▶ EXTRACTED ENTRIES:
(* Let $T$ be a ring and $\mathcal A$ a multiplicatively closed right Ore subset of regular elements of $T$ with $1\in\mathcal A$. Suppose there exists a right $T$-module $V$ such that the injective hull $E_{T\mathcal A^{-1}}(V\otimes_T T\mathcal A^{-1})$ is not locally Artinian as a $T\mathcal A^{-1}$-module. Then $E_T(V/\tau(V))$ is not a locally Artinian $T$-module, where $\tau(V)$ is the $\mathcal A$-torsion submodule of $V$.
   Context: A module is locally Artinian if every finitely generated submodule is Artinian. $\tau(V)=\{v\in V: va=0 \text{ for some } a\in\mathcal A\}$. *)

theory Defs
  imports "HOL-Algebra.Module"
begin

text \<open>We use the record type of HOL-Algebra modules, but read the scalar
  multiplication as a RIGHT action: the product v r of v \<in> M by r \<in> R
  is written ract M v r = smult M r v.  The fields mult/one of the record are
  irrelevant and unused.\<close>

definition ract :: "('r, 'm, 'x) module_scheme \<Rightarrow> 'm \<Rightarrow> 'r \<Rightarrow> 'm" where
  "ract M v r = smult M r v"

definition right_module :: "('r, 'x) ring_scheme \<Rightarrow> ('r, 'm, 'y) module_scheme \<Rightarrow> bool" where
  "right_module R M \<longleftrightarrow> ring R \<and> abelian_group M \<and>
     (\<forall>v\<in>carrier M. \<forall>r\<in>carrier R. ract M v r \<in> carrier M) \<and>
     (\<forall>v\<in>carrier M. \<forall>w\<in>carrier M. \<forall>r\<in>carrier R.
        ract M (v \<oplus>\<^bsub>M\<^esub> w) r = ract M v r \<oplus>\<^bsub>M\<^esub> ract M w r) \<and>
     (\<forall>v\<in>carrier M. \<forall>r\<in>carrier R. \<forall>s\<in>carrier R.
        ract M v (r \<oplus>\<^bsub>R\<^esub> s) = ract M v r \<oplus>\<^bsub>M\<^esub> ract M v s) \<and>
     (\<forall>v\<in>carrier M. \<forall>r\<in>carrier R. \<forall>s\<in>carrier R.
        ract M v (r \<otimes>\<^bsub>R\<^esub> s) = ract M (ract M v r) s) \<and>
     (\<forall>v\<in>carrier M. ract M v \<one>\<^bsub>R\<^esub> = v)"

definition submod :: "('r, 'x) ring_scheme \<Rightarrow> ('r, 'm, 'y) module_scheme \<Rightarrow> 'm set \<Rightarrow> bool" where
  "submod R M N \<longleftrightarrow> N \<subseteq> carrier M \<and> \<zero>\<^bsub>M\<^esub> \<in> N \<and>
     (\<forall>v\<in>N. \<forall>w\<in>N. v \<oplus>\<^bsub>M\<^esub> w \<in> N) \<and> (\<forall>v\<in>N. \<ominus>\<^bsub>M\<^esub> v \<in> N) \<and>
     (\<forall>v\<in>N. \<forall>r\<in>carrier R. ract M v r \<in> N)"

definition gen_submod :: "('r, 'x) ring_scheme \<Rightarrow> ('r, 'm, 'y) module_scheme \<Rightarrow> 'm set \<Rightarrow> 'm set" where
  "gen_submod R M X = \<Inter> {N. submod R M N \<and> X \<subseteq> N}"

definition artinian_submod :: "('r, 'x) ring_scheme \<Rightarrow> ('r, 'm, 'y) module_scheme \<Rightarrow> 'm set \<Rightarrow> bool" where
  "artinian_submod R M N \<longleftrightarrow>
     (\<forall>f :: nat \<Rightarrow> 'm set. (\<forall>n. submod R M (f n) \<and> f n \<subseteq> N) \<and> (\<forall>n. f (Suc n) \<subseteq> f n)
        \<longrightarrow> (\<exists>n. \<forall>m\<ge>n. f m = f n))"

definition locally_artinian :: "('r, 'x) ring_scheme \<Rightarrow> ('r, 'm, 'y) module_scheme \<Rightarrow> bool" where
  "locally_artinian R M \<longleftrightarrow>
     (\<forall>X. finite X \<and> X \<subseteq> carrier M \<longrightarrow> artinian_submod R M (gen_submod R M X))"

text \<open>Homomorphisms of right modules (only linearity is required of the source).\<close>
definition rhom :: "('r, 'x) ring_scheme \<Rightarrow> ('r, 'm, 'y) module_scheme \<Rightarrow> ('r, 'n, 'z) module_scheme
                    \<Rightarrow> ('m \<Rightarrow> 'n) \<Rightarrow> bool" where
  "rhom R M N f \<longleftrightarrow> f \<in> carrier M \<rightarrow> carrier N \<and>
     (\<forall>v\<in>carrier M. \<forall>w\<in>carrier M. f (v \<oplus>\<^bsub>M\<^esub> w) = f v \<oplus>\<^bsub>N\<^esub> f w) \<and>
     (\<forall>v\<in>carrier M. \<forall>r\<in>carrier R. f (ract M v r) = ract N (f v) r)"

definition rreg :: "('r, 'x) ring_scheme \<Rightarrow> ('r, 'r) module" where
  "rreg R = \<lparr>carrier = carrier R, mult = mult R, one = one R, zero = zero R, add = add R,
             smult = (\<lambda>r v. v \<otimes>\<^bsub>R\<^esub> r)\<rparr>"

==

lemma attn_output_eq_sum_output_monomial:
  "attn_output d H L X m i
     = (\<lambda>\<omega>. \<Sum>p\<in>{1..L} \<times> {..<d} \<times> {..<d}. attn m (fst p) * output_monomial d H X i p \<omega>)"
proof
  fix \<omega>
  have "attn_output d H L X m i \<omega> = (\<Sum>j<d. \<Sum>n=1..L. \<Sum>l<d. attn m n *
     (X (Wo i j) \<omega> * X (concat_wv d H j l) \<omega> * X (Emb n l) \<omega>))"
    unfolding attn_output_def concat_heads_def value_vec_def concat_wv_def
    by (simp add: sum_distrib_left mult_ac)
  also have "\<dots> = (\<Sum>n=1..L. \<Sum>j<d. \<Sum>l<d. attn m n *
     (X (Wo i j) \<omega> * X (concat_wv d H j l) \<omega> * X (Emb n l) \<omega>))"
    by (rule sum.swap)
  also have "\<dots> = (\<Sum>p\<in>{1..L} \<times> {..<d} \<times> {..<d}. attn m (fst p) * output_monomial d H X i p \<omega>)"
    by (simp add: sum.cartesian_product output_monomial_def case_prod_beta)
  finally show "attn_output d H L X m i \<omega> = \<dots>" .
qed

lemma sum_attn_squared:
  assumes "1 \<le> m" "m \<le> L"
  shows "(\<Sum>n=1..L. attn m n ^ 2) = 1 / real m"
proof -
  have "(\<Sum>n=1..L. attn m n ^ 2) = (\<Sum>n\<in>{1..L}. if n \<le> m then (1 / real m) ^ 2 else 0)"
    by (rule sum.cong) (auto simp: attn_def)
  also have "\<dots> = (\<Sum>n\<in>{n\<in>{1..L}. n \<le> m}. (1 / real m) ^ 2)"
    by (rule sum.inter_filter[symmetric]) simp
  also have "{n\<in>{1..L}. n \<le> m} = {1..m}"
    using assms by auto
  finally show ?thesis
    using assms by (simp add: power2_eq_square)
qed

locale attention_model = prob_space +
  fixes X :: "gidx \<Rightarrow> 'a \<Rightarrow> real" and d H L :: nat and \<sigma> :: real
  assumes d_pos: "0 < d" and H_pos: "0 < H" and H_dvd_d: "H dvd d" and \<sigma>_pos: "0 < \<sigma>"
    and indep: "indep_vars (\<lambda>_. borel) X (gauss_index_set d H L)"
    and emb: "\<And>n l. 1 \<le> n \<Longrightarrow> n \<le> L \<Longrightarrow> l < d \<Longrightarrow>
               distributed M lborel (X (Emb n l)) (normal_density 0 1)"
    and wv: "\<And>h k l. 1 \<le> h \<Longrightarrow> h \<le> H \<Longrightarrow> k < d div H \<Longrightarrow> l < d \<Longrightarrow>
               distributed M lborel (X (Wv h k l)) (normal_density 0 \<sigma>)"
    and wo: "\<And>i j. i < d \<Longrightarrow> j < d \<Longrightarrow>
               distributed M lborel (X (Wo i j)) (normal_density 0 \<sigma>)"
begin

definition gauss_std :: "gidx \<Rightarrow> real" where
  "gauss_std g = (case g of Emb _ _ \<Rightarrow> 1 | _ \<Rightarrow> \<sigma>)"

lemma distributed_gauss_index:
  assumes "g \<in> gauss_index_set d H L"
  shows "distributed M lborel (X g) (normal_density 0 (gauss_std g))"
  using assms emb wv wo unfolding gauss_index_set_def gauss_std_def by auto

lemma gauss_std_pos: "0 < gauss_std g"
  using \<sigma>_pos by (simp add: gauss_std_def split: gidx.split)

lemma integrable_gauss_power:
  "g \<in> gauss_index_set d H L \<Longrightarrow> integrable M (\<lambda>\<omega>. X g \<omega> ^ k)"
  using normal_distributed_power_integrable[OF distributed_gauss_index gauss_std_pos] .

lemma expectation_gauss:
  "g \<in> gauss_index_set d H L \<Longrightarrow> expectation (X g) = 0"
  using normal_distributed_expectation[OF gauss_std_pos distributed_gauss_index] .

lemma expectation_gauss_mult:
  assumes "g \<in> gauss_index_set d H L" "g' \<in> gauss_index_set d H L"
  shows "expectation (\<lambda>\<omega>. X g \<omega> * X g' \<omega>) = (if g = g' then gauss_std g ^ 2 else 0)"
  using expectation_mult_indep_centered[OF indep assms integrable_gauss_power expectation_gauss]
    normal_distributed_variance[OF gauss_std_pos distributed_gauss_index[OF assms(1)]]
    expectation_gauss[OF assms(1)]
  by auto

▶ TASK DESCRIPTION:
Output the lines above between the one holding "text \<open>We use" and the one holding "irrelevant and unused.\<close>", inclusive, with nothing before or after them.

▶ ANSWER SPACE:
text \<open>We use the record type of HOL-Algebra modules, but read the scalar
  multiplication as a RIGHT action: the product v r of v \<in> M by r \<in> R
  is written ract M v r = smult M r v.  The fields mult/one of the record are
  irrelevant and unused.\<close>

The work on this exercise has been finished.